— Data supplied —

* * *

(* Put c = phi^(1/alpha) and M = N^(beta/alpha), so that the parameter is psi = N^beta phi = (c M)^alpha.
   The weights w n = psi^n / g(n)! satisfy w (n+1) / w n = psi / g (n+1), roughly (c M / n)^alpha
   because g n ~ n^alpha. Hence for a' < c < a there is rho < 1 such that w decays geometrically
   at rate rho upwards from a M and downwards from a' M. The event |n / M - c| >= delta lies at
   distance at least delta M / 2 beyond these two points, so its probability is O(rho^(delta M / 2)),
   i.e. its logarithm is at most - kappa N^(beta/alpha), which dominates N^r0 for every r0 < beta/alpha. *)

lemma geometric_decay_upward:
  fixes w :: "nat \<Rightarrow> real"
  assumes ratio: "\<And>n. m \<le> n \<Longrightarrow> w (Suc n) \<le> \<rho> * w n" and "0 \<le> \<rho>" and "m \<le> n"
  shows "w n \<le> \<rho> ^ (n - m) * w m"
  using \<open>m \<le> n\<close>
proof (induction n rule: dec_induct)
  case (step n)
  have "w (Suc n) \<le> \<rho> * (\<rho> ^ (n - m) * w m)"
    using ratio[OF step.hyps(1)] mult_left_mono[OF step.IH \<open>0 \<le> \<rho>\<close>] by linarith
  then show ?case
    using step.hyps(1) by (simp add: Suc_diff_le)
qed simp

lemma geometric_decay_downward:
  fixes w :: "nat \<Rightarrow> real"
  assumes ratio: "\<And>n. n < m \<Longrightarrow> w n \<le> \<rho> * w (Suc n)" and "0 \<le> \<rho>" and "n \<le> m"
  shows "w n \<le> \<rho> ^ (m - n) * w m"
  using \<open>n \<le> m\<close>
proof (induction n rule: inc_induct)
  case (step n)
  have "w n \<le> \<rho> * (\<rho> ^ (m - Suc n) * w m)"
    using ratio[OF step.hyps(2)] mult_left_mono[OF step.IH \<open>0 \<le> \<rho>\<close>] by linarith
  moreover have "m - n = Suc (m - Suc n)"
    using step.hyps(2) by simp
  ultimately show ?case
    by simp
qed simp

lemma sum_power_reverse_le:
  fixes \<rho> :: real
  assumes "0 \<le> \<rho>" "\<rho> < 1"
  shows "(\<Sum>n\<le>j. \<rho> ^ (j - n)) \<le> 1 / (1 - \<rho>)"
proof (induction j)
  case (Suc j)
  have "(\<Sum>n\<le>Suc j. \<rho> ^ (Suc j - n)) = 1 + \<rho> * (\<Sum>n\<le>j. \<rho> ^ (j - n))"
    by (simp add: sum_distrib_left Suc_diff_le)
  also have "\<dots> \<le> 1 + \<rho> * (1 / (1 - \<rho>))"
    using Suc assms by (intro add_left_mono mult_left_mono) auto
  finally show ?case
    using assms by (simp add: field_simps)
qed (use assms in \<open>simp add: field_simps\<close>)

lemma sum_power_lower_tail_le:
  fixes \<rho> :: real
  assumes "0 \<le> \<rho>" "\<rho> < 1"
  shows "(\<Sum>n | n + k \<le> m. \<rho> ^ (m - n)) \<le> \<rho> ^ k / (1 - \<rho>)"
proof (cases "k \<le> m")
  case True
  then have "{n. n + k \<le> m} = {..m - k}"
    by auto
  moreover have "\<rho> ^ (m - n) = \<rho> ^ k * \<rho> ^ (m - k - n)" if "n \<le> m - k" for n
    using that True by (simp flip: power_add)
  ultimately have "(\<Sum>n | n + k \<le> m. \<rho> ^ (m - n)) = \<rho> ^ k * (\<Sum>n\<le>m - k. \<rho> ^ (m - k - n))"
    by (simp add: sum_distrib_left)
  also have "\<dots> \<le> \<rho> ^ k * (1 / (1 - \<rho>))"
    using sum_power_reverse_le[OF assms, of "m - k"] assms by (intro mult_left_mono) auto
  finally show ?thesis
    by simp
next
  case False
  then have "{n. n + k \<le> m} = {}"
    by auto
  then show ?thesis
    using assms by simp
qed

lemma sums_power_upper_tail:
  fixes \<rho> :: real
  assumes "0 \<le> \<rho>" "\<rho> < 1"
  shows "(\<lambda>n. if m + k \<le> n then \<rho> ^ (n - m) else 0) sums (\<rho> ^ k / (1 - \<rho>))"
proof -
  have "(\<lambda>i. \<rho> ^ k * \<rho> ^ i) sums (\<rho> ^ k * (1 / (1 - \<rho>)))"
    using geometric_sums[of \<rho>] assms by (intro sums_mult) auto
  then have "(\<lambda>i. if m + k \<le> i + (m + k) then \<rho> ^ (i + (m + k) - m) else 0) sums (\<rho> ^ k / (1 - \<rho>))"
    by (simp add: power_add mult.commute)
  then show ?thesis
    by (subst (asm) sums_zero_iff_shift) auto
qed

lemma suminf_le_two_geometric_tails:
  fixes f :: "nat \<Rightarrow> real"
  assumes f_nonneg: "\<And>n. 0 \<le> f n" and \<rho>: "0 \<le> \<rho>" "\<rho> < 1"
    and lower: "\<And>n. n + k \<le> m\<^sub>2 \<Longrightarrow> f n \<le> \<rho> ^ (m\<^sub>2 - n)"
    and upper: "\<And>n. m\<^sub>1 + k \<le> n \<Longrightarrow> f n \<le> \<rho> ^ (n - m\<^sub>1)"
    and between: "\<And>n. m\<^sub>2 < n + k \<Longrightarrow> n < m\<^sub>1 + k \<Longrightarrow> f n = 0"
  shows "suminf f \<le> 2 * \<rho> ^ k / (1 - \<rho>)"
proof -
  define B\<^sub>1 where "B\<^sub>1 n = (if n \<in> {n. n + k \<le> m\<^sub>2} then \<rho> ^ (m\<^sub>2 - n) else 0)" for n
  define B\<^sub>2 where "B\<^sub>2 n = (if m\<^sub>1 + k \<le> n then \<rho> ^ (n - m\<^sub>1) else 0)" for n
  have "finite {n. n + k \<le> m\<^sub>2}"
    by (rule finite_subset[of _ "{..m\<^sub>2}"]) auto
  then have "B\<^sub>1 sums (\<Sum>n | n + k \<le> m\<^sub>2. \<rho> ^ (m\<^sub>2 - n))"
    unfolding B\<^sub>1_def by (rule sums_If_finite_set)
  from sums_add[OF this sums_power_upper_tail[OF \<rho>, of m\<^sub>1 k, folded B\<^sub>2_def]]
  have B_sums: "(\<lambda>n. B\<^sub>1 n + B\<^sub>2 n) sums ((\<Sum>n | n + k \<le> m\<^sub>2. \<rho> ^ (m\<^sub>2 - n)) + \<rho> ^ k / (1 - \<rho>))" .
  then have "summable (\<lambda>n. B\<^sub>1 n + B\<^sub>2 n)"
    by (simp add: sums_iff)
  have f_le: "f n \<le> B\<^sub>1 n + B\<^sub>2 n" for n
    using lower[of n] upper[of n] between[of n] \<rho>
    by (cases "n + k \<le> m\<^sub>2"; cases "m\<^sub>1 + k \<le> n") (auto simp: B\<^sub>1_def B\<^sub>2_def intro: add_increasing2)
  have "summable f"
    using \<open>summable (\<lambda>n. B\<^sub>1 n + B\<^sub>2 n)\<close>
    by (rule summable_comparison_test'[where N = 0]) (use f_le f_nonneg in simp)
  then have "suminf f \<le> (\<Sum>n. B\<^sub>1 n + B\<^sub>2 n)"
    using f_le \<open>summable (\<lambda>n. B\<^sub>1 n + B\<^sub>2 n)\<close> by (intro suminf_le)
  also have "\<dots> = (\<Sum>n | n + k \<le> m\<^sub>2. \<rho> ^ (m\<^sub>2 - n)) + \<rho> ^ k / (1 - \<rho>)"
    using B_sums by (simp add: sums_iff)
  also have "\<dots> \<le> 2 * \<rho> ^ k / (1 - \<rho>)"
    using sum_power_lower_tail_le[OF \<rho>, of m\<^sub>2 k] by simp
  finally show ?thesis .
qed

lemma power_nat_floor_le_exp:
  fixes \<rho> x :: real
  assumes "0 < \<rho>" and "\<rho> \<le> 1"
  shows "\<rho> ^ nat \<lfloor>x\<rfloor> \<le> exp (ln \<rho> * (x - 1))"
proof -
  have "\<rho> ^ nat \<lfloor>x\<rfloor> = exp (ln \<rho>) ^ nat \<lfloor>x\<rfloor>"
    using \<open>0 < \<rho>\<close> by simp
  also have "\<dots> = exp (ln \<rho> * real (nat \<lfloor>x\<rfloor>))"
    by (simp add: mult.commute flip: exp_of_nat_mult)
  also have "\<dots> \<le> exp (ln \<rho> * (x - 1))"
    using assms by (simp add: mult_le_cancel_left) linarith
  finally show ?thesis .
qed

definition gweight :: "(nat \<Rightarrow> real) \<Rightarrow> real \<Rightarrow> nat \<Rightarrow> real" where
  "gweight g \<psi> n = \<psi> ^ n / gfact g n"

lemma gfact_Suc: "gfact g (Suc n) = gfact g n * g (Suc n)"
  unfolding gfact_def by (simp add: prod.nat_ivl_Suc')

lemma gfact_pos:
  assumes "\<And>n. 0 < n \<Longrightarrow> 0 < g n"
  shows "0 < gfact g n"
  by (induction n) (simp_all add: gfact_def gfact_Suc assms)

lemma gweight_0 [simp]: "gweight g \<psi> 0 = 1"
  by (simp add: gweight_def gfact_def)

lemma gweight_Suc: "gweight g \<psi> (Suc n) = gweight g \<psi> n * (\<psi> / g (Suc n))"
  by (simp add: gweight_def gfact_Suc)

lemma gweight_nonneg:
  assumes "\<And>n. 0 < n \<Longrightarrow> 0 < g n" and "0 \<le> \<psi>"
  shows "0 \<le> gweight g \<psi> n"
  using gfact_pos[of g n, OF assms(1)] assms(2) by (simp add: gweight_def)

lemma gweight_Suc_le:
  assumes gpos: "\<And>n. 0 < n \<Longrightarrow> 0 < g n" and "0 \<le> \<psi>" and "\<psi> \<le> \<rho> * g (Suc n)"
  shows "gweight g \<psi> (Suc n) \<le> \<rho> * gweight g \<psi> n"
proof -
  have "\<psi> / g (Suc n) \<le> \<rho>"
    using assms gpos[of "Suc n"] by (simp add: divide_le_eq)
  then have "gweight g \<psi> n * (\<psi> / g (Suc n)) \<le> gweight g \<psi> n * \<rho>"
    using gweight_nonneg[of g \<psi> n, OF gpos \<open>0 \<le> \<psi>\<close>] by (rule mult_left_mono)
  then show ?thesis
    by (simp add: gweight_Suc mult.commute)
qed

lemma gweight_le_Suc:
  assumes gpos: "\<And>n. 0 < n \<Longrightarrow> 0 < g n" and "0 < \<psi>" and "g (Suc n) \<le> \<rho> * \<psi>"
  shows "gweight g \<psi> n \<le> \<rho> * gweight g \<psi> (Suc n)"
proof -
  have "gweight g \<psi> n = gweight g \<psi> (Suc n) * (g (Suc n) / \<psi>)"
    using gpos[of "Suc n"] \<open>0 < \<psi>\<close> by (simp add: gweight_Suc)
  also have "\<dots> \<le> gweight g \<psi> (Suc n) * \<rho>"
    using assms gweight_nonneg[of g \<psi> "Suc n", OF gpos] by (intro mult_left_mono) (simp_all add: divide_le_eq)
  finally show ?thesis
    by (simp add: mult.commute)
qed

lemma summable_gweight:
  assumes gpos: "\<And>n. 0 < n \<Longrightarrow> 0 < g n" and "0 \<le> \<psi>" and "\<rho> < 1"
    and above: "\<And>i. m < i \<Longrightarrow> \<psi> \<le> \<rho> * g i"
  shows "summable (gweight g \<psi>)"
proof (rule summable_ratio_test[OF \<open>\<rho> < 1\<close>, of m])
  fix n assume "m \<le> n"
  then show "norm (gweight g \<psi> (Suc n)) \<le> \<rho> * norm (gweight g \<psi> n)"
    using gweight_Suc_le[of g \<psi> \<rho> n, OF gpos \<open>0 \<le> \<psi>\<close> above] gweight_nonneg[of g \<psi>, OF gpos \<open>0 \<le> \<psi>\<close>]
    by simp
qed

* * *

— Required action —
The string "lfloor" marks the lines to copy; report each of them from the data above.

— Exercise output —
  shows "\<rho> ^ nat \<lfloor>x\<rfloor> \<le> exp (ln \<rho> * (x - 1))"
  have "\<rho> ^ nat \<lfloor>x\<rfloor> = exp (ln \<rho>) ^ nat \<lfloor>x\<rfloor>"
  also have "\<dots> = exp (ln \<rho> * real (nat \<lfloor>x\<rfloor>))"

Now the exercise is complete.